Bioremediation can even be used to manage nuclear waste. Nuclear waste is largely produced from spent fuel in nuclear reactors that generate energy—what remains after the fuel in the reactor can’t effectively be used to produce energy anymore. It is radioactive, meaning that it produces radiation, which can damage human tissue and cause cancer, and it also produces substances such as ionic mercury and toluene, which are toxic. Deinococcus radiodurans, a bacterial species, has the greatest radioresistance, or ability to withstand radiation, of any known organism, and due to genetic engineering, it is able to digest ionic mercury and toluene. Nuclear waste is highly hazardous and is one of the biggest problems caused by nuclear energy, so bioremediation is crucial in preventing further harm from it.

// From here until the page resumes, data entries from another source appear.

theorem proposition4:
  fixes F :: "('v, 'y, 'o) scdevice"
    and D :: "('d, 'm) monoid_scheme"
    and act :: "'y \<Rightarrow> 'd \<Rightarrow> 'y"
  assumes "is_device F"
    and "monoid D"
    and "right_action D (dobs F) act"
    and "group D"
    and "finite (carrier D)"
    and "y0 \<in> dobs F"
    and "{act y0 d | d. d \<in> carrier D} = dobs F"
  shows "\<exists>F' :: (nat, 'y + 'd, 'o) scdevice.
           is_device F' \<and>
           output_simulates F F' (delta_rel F (action_variator D (dobs F) act))"
proof -
  have "\<forall>a\<in>dobs F. \<forall>b\<in>dobs F. \<exists>d\<in>carrier D. act a d = b"
    using right_action_transitive[OF assms(4,3,6,7)] by blast
  then have "output_simulates F (delta_device F D act) (delta_rel F (action_variator D (dobs F) act))"
    using delta_device_simulates assms(1,3) by blast
  moreover obtain F' :: "(nat, 'y + 'd, 'o) scdevice" where
    "is_device F'" "lang F' = lang (delta_device F D act)"
    "\<And>t. outs F' t = outs (delta_device F D act) t"
    using ex_nat_device is_device_delta_device[OF assms(1,5)] by blast
  ultimately show ?thesis
    using output_simulates_cong by blast
qed

end
lemma integral_compl_S_mult:
  assumes ij: "1 \<le> i" "i \<le> j" "j \<le> r"
  shows "(\<integral>\<omega>. (1 - S i c \<omega>) * (1 - S j c \<omega>) \<partial>M) = mean_RR i j"
proof -
  have "(\<lambda>\<omega>. (1 - S i c \<omega>) * (1 - S j c \<omega>)) = (\<lambda>\<omega>. 1 - S i c \<omega> - S j c \<omega> + S i c \<omega> * S j c \<omega>)"
    by (auto simp: algebra_simps)
  then show ?thesis using ij
    by (simp add: integral_add integral_diff integrable_S integrable_S_mult integral_S
        integral_S_mult mean_RR_def mean_SS_def prob_space)
qed

lemma mean_RR_bounds:
  assumes ij: "1 \<le> i" "i \<le> j" "j \<le> r"
  shows "0 \<le> mean_RR i j" "mean_RR i j < 1"
proof -
  show "0 \<le> mean_RR i j"
    using integral_compl_S_mult[OF ij, of 0, symmetric] S_bounds[of i 0] S_bounds[of j 0]
    by (simp add: integral_nonneg_AE)
  have c: "0 < conc i" "0 < conc j" using conc_pos ij by auto
  have "2 / ((1 + conc i) * (2 + conc j)) = 1 / (1 + conc i) * (2 / (2 + conc j))" by simp
  also have "\<dots> \<le> 1 / (1 + conc i)" using c by (intro mult_right_le_one_le) auto
  moreover have "0 < 1 / (1 + conc j)" using c by simp
  ultimately have "2 / ((1 + conc i) * (2 + conc j)) < 1 / (1 + conc i) + 1 / (1 + conc j)"
    by linarith
  then show "mean_RR i j < 1" by (simp add: mean_RR_def mean_SS_def)
qed

lemma integral_prod_columns_S:
  fixes h :: "nat \<Rightarrow> real \<Rightarrow> real \<Rightarrow> real"
  assumes ij: "1 \<le> i" "1 \<le> j" and K: "finite K"
    and h_bounded: "\<And>c u v. c \<in> K \<Longrightarrow> 0 \<le> u \<Longrightarrow> u \<le> 1 \<Longrightarrow> 0 \<le> v \<Longrightarrow> v \<le> 1 \<Longrightarrow> \<bar>h c u v\<bar> \<le> 1"
    and h_meas: "\<And>c. case_prod (h c) \<in> borel_measurable (borel \<Otimes>\<^sub>M borel)"
  shows "(\<integral>\<omega>. (\<Prod>c\<in>K. h c (S i c \<omega>) (S j c \<omega>)) \<partial>M) = (\<Prod>c\<in>K. \<integral>\<omega>. h c (S i c \<omega>) (S j c \<omega>) \<partial>M)"
  unfolding S_def
proof (rule indep_vars_integral_prod_blocks[OF indep_vars_Y, where J=column
      and f="\<lambda>c x. h c (stick_frac r i c x) (stick_frac r j c x)"])
  show "(\<lambda>x. h c (stick_frac r i c x) (stick_frac r j c x)) \<in> borel_measurable (PiM (column c) (\<lambda>_. borel))" for c
    by (rule measurable_Pair_compose_split[OF h_meas borel_measurable_stick_frac_column borel_measurable_stick_frac_column])
       (use ij in auto)
  show "h c (stick_frac r i c (restrict y (column c))) (stick_frac r j c (restrict y (column c))) =
      h c (stick_frac r i c y) (stick_frac r j c y)" for c y
    using ij by (simp add: stick_frac_restrict_column)
  show "\<bar>h c (stick_frac r i c (\<lambda>t. Y t \<omega>)) (stick_frac r j c (\<lambda>t. Y t \<omega>))\<bar> \<le> 1" if "c \<in> K" for c \<omega>
    unfolding S_def[symmetric] by (intro h_bounded that S_bounds)
qed (use K in \<open>auto simp: disjoint_family_column column_subset_coords\<close>)

lemma integral_survival:
  assumes "1 \<le> i" "i \<le> r"
  shows "(\<integral>\<omega>. (\<Prod>c<n. 1 - S i c \<omega>) \<partial>M) = (1 - 1 / (1 + conc i)) ^ n"
proof -
  have "(\<lambda>(u, v). 1 - u :: real) \<in> borel_measurable (borel \<Otimes>\<^sub>M borel)" by measurable
  then show ?thesis
    using integral_prod_columns_S[of i i "{..<n}" "\<lambda>_ u v. 1 - u"] assms
    by (simp add: integral_diff integrable_S integral_S prob_space abs_le_iff)
qed

lemma integral_W_mult:
  assumes ij: "1 \<le> i" "i \<le> j" "j \<le> r"
  shows "(\<integral>\<omega>. W i k \<omega> * W j k \<omega> \<partial>M) = mean_RR i j ^ k * mean_SS i j"
proof -
  define h where "h c u v = (if c < k then (1 - u) * (1 - v) else u * v)" for c and u v :: real
  have "W i k \<omega> * W j k \<omega> = (\<Prod>c\<in>{..k}. h c (S i c \<omega>) (S j c \<omega>))" for \<omega>
    by (simp add: W_def stick_weight_def h_def lessThan_Suc_atMost[symmetric] prod.distrib[symmetric])
  moreover have "(\<integral>\<omega>. (\<Prod>c\<in>{..k}. h c (S i c \<omega>) (S j c \<omega>)) \<partial>M) = (\<Prod>c\<in>{..k}. \<integral>\<omega>. h c (S i c \<omega>) (S j c \<omega>) \<partial>M)"
  proof (rule integral_prod_columns_S)
    show "case_prod (h c) \<in> borel_measurable (borel \<Otimes>\<^sub>M borel)" for c
      unfolding h_def by measurable
  qed (use ij in \<open>auto simp: h_def abs_mult intro: mult_le_one\<close>)
  moreover have "\<dots> = (\<Prod>c\<in>{..k}. if c < k then mean_RR i j else mean_SS i j)"
    using ij by (intro prod.cong refl) (auto simp: h_def integral_compl_S_mult integral_S_mult mean_SS_def)
  ultimately show ?thesis by (simp add: lessThan_Suc_atMost[symmetric])
qed

subsection \<open>The weights sum to one\<close>

lemma summable_W: "summable (\<lambda>k. W i k \<omega>)"
  unfolding W_def[abs_def] using S_bounds by (intro summable_stick_weight) auto

lemma sum_W: "(\<Sum>k<n. W i k \<omega>) = 1 - (\<Prod>c<n. 1 - S i c \<omega>)"
  by (simp add: W_def sum_stick_weight)

lemma suminf_W_bounds: "0 \<le> (\<Sum>k. W i k \<omega>)" "(\<Sum>k. W i k \<omega>) \<le> 1"
  unfolding W_def using suminf_stick_weight_bounds[of "\<lambda>c. S i c \<omega>"] S_bounds by auto

lemma borel_measurable_suminf_W: "1 \<le> i \<Longrightarrow> (\<lambda>\<omega>. \<Sum>k. W i k \<omega>) \<in> borel_measurable M"
  by (intro borel_measurable_suminf borel_measurable_W)

lemma integral_sum_W:
  assumes i: "1 \<le> i" "i \<le> r"
  shows "(\<integral>\<omega>. (\<Sum>k<n. W i k \<omega>) \<partial>M) = 1 - (1 - 1 / (1 + conc i)) ^ n"
proof -
  have "integrable M (\<lambda>\<omega>. \<Prod>c<n. 1 - S i c \<omega>)"
    using i prod_one_minus_bounds[of "\<lambda>c. S i c \<omega>" for \<omega>] S_bounds
    by (intro integrable_bounded_by_1 borel_measurable_prod borel_measurable_diff
        borel_measurable_const borel_measurable_S) (auto simp: abs_le_iff)
  then show ?thesis using i by (simp add: sum_W integral_diff integral_survival prob_space)
qed

lemma integral_suminf_W:
  assumes i: "1 \<le> i" "i \<le> r"
  shows "(\<integral>\<omega>. (\<Sum>k. W i k \<omega>) \<partial>M) = 1"
proof -
  have "(\<lambda>n. \<integral>\<omega>. (\<Sum>k<n. W i k \<omega>) \<partial>M) \<longlonglongrightarrow> (\<integral>\<omega>. (\<Sum>k. W i k \<omega>) \<partial>M)"
  proof (rule integral_dominated_convergence[where w="\<lambda>_. 1"])
    show "AE \<omega> in M. norm (\<Sum>k<n. W i k \<omega>) \<le> 1" for n
      unfolding W_def using S_bounds
      by (intro AE_I2) (simp add: abs_le_iff sum_nonneg stick_weight_nonneg sum_stick_weight_le_1)
  qed (use i in \<open>auto intro!: borel_measurable_sum borel_measurable_W borel_measurable_suminf_W
       intro: summable_LIMSEQ[OF summable_W]\<close>)
  moreover have "(\<lambda>n. 1 - (1 - 1 / (1 + conc i)) ^ n) \<longlonglongrightarrow> 1"
    using conc_pos[OF i] by (intro tendsto_eq_intros LIMSEQ_power_zero) auto
  ultimately show ?thesis
    unfolding integral_sum_W[OF i] using LIMSEQ_unique by auto
qed

lemma AE_suminf_W_eq_1:
  assumes i: "1 \<le> i" "i \<le> r"
  shows "AE \<omega> in M. (\<Sum>k. W i k \<omega>) = 1"
proof -
  have "integrable M (\<lambda>\<omega>. 1 - (\<Sum>k. W i k \<omega>))"
    using i suminf_W_bounds
    by (intro integrable_bounded_by_1 borel_measurable_diff borel_measurable_const
        borel_measurable_suminf_W) (auto simp: abs_le_iff)
  moreover have "(\<integral>\<omega>. 1 - (\<Sum>k. W i k \<omega>) \<partial>M) = 0"
    using i suminf_W_bounds
    by (simp add: integral_diff integral_suminf_W prob_space integrable_bounded_by_1
        borel_measurable_suminf_W abs_le_iff)
  ultimately have "AE \<omega> in M. 1 - (\<Sum>k. W i k \<omega>) = 0"
    using integral_nonneg_eq_0_iff_AE[where M=M] suminf_W_bounds by auto
  then show ?thesis by auto
qed

lemma integral_Y_Inr: "(\<integral>\<omega>. Y (Inr k) \<omega> \<partial>M) = p"
proof -
  have "(\<integral>\<omega>. indicator A (\<phi> k \<omega>) \<partial>M) = (\<integral>x. indicator A x \<partial>distr M H0 (\<phi> k) :: real)"
    by (rule integral_distr[symmetric]) (use \<phi>_meas A_sets in auto)
  moreover have "A \<inter> space H0 = A" using sets.sets_into_space[OF A_sets] by auto
  ultimately show ?thesis by (simp add: Y_def \<phi>_law p_def)
qed

lemma integrable_Y_Inr: "integrable M (Y (Inr k))"
  using Y_bounds by (intro integrable_bounded_by_1 borel_measurable_Y_Inr) (auto simp: abs_le_iff)

lemma integral_Y_Inr_centered: "(\<integral>\<omega>. Y (Inr k) \<omega> - p \<partial>M) = 0"
  by (simp add: integral_diff integrable_Y_Inr integral_Y_Inr prob_space)

lemma integral_Y_Inr_centered_sq: "(\<integral>\<omega>. (Y (Inr k) \<omega> - p)\<^sup>2 \<partial>M) = p * (1 - p)"
proof -
  have "(\<lambda>\<omega>. (Y (Inr k) \<omega> - p)\<^sup>2) = (\<lambda>\<omega>. (1 - 2 * p) * Y (Inr k) \<omega> + p\<^sup>2)"
    by (auto simp: Y_def power2_eq_square algebra_simps indicator_def)
  then show ?thesis
    by (simp add: integrable_Y_Inr integral_Y_Inr prob_space power2_eq_square algebra_simps)
qed


lemma integral_mult_centered_Y_Inr:
  assumes J: "J \<subseteq> coords" "Inr l \<notin> J" and f: "f \<in> borel_measurable (PiM J (\<lambda>_. borel))"
    and restr: "\<And>y. f (restrict y J) = f y" and bounded: "\<And>\<omega>. \<bar>f (\<lambda>t. Y t \<omega>)\<bar> \<le> 1"
  shows "(\<integral>\<omega>. f (\<lambda>t. Y t \<omega>) * (Y (Inr l) \<omega> - p) \<partial>M) = 0"
proof -
  have "(\<integral>\<omega>. f (\<lambda>t. Y t \<omega>) * (\<lambda>x. x (Inr l) - p) (\<lambda>t. Y t \<omega>) \<partial>M) =
      (\<integral>\<omega>. f (\<lambda>t. Y t \<omega>) \<partial>M) * (\<integral>\<omega>. (\<lambda>x. x (Inr l) - p) (\<lambda>t. Y t \<omega>) \<partial>M)"
    by (rule indep_vars_integral_mult_blocks[OF indep_vars_Y, where J'="{Inr l}"])
       (use assms abs_Y_centered_le_1 in \<open>auto simp: Inr_in_coords restr[unfolded restrict_def]
          intro!: borel_measurable_diff measurable_component_singleton\<close>)
  then show ?thesis by (simp add: integral_Y_Inr_centered)
qed

lemma integral_W_centered:
  assumes "1 \<le> i"
  shows "(\<integral>\<omega>. W i k \<omega> * (Y (Inr k) \<omega> - p) \<partial>M) = 0"
  unfolding W_eq_coord_weight
proof (rule integral_mult_centered_Y_Inr[where J="columns_upto k"])
  show "coord_weight r i k \<in> borel_measurable (PiM (columns_upto k) (\<lambda>_. borel))"
    using assms by (rule borel_measurable_coord_weight_columns_upto) simp
  show "coord_weight r i k (restrict y (columns_upto k)) = coord_weight r i k y" for y
    using assms by (rule coord_weight_restrict_columns_upto) simp
  show "\<bar>coord_weight r i k (\<lambda>t. Y t \<omega>)\<bar> \<le> 1" for \<omega>
    using W_bounds[of i k \<omega>] by (simp add: W_eq_coord_weight)
qed (simp_all add: columns_upto_subset_coords Inr_notin_columns_upto)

Bioremediation that uses plants rather than microbes is called phytoremediation, which is often used to stabilize or remove pollutants from the soil, and is additionally beneficial as it can prevent pollution from spreading via water or wind and is relatively inexpensive. There are several types of phytoremediation, including phytostabilization, phytoextraction, phytovolatilization, and phytodegradation. The method that is selected varies based on the particular situation, as does the type of plant chosen. The type of plant is chosen based on the accumulation factor, which is the ratio of the amount of pollution the plant can take up to the amount of pollution in the soil. A low accumulation factor means that plants only take up pollution into their roots, while a high accumulation factor indicates that pollution is taken into the plants above the roots. In phytostabilization, a layer of plants with low accumulation factors is grown to last for a long period of time. The plants stabilize organic or metal pollutants in the soil by taking them up through their roots and holding them there, without transporting them further, which prevents them from being introduced to the food chain. Alternatively, in phytoextraction, plants with high accumulation factors take up pollutants such as nickel, arsenic, and cadmium. The plants are then removed from the soil and disposed of, which can be done through multiple methods, including incineration, decomposition by microbes, and compression in a landfill. In phytovolatilization, plants remove pollutants from the soil and convert them into gases that they release into the air, while in phytodegradation, they convert pollutants into less toxic or non-toxic forms. 

Bioremediation is a tool that is necessary in managing pollution, and it will likely be a key feature of future efforts to reduce it. Its applications are abundant and versatile, and may be even more so in the future, as microbiologists are currently researching topics such as using microbes to sequester carbon dioxide in the atmosphere, build a sustainable economy, and manage microplastics. However, bioremediation alone is not enough to effectively manage the problem—we need to stop producing so many pollutants in the first place, which will require major societal changes in production and consumption, from the structural level through actions such as shifting toward cleaner and more efficient energy usage and using fewer toxic or otherwise harmful chemicals in industry and agriculture, to the personal level by reducing the amount we consume. For individuals, reducing the amount of pollution we produce can take the forms of decreasing our food waste, using less water, and cutting down on single-use plastics, as well as speaking out to advocate for changes at the structural level. Progress in the fight against pollution will include both a reduction in the amount of pollution we produce and bioremediation to clean it up, and although there is still much work to be done in both areas, it is also both utterly necessary and possible to do it.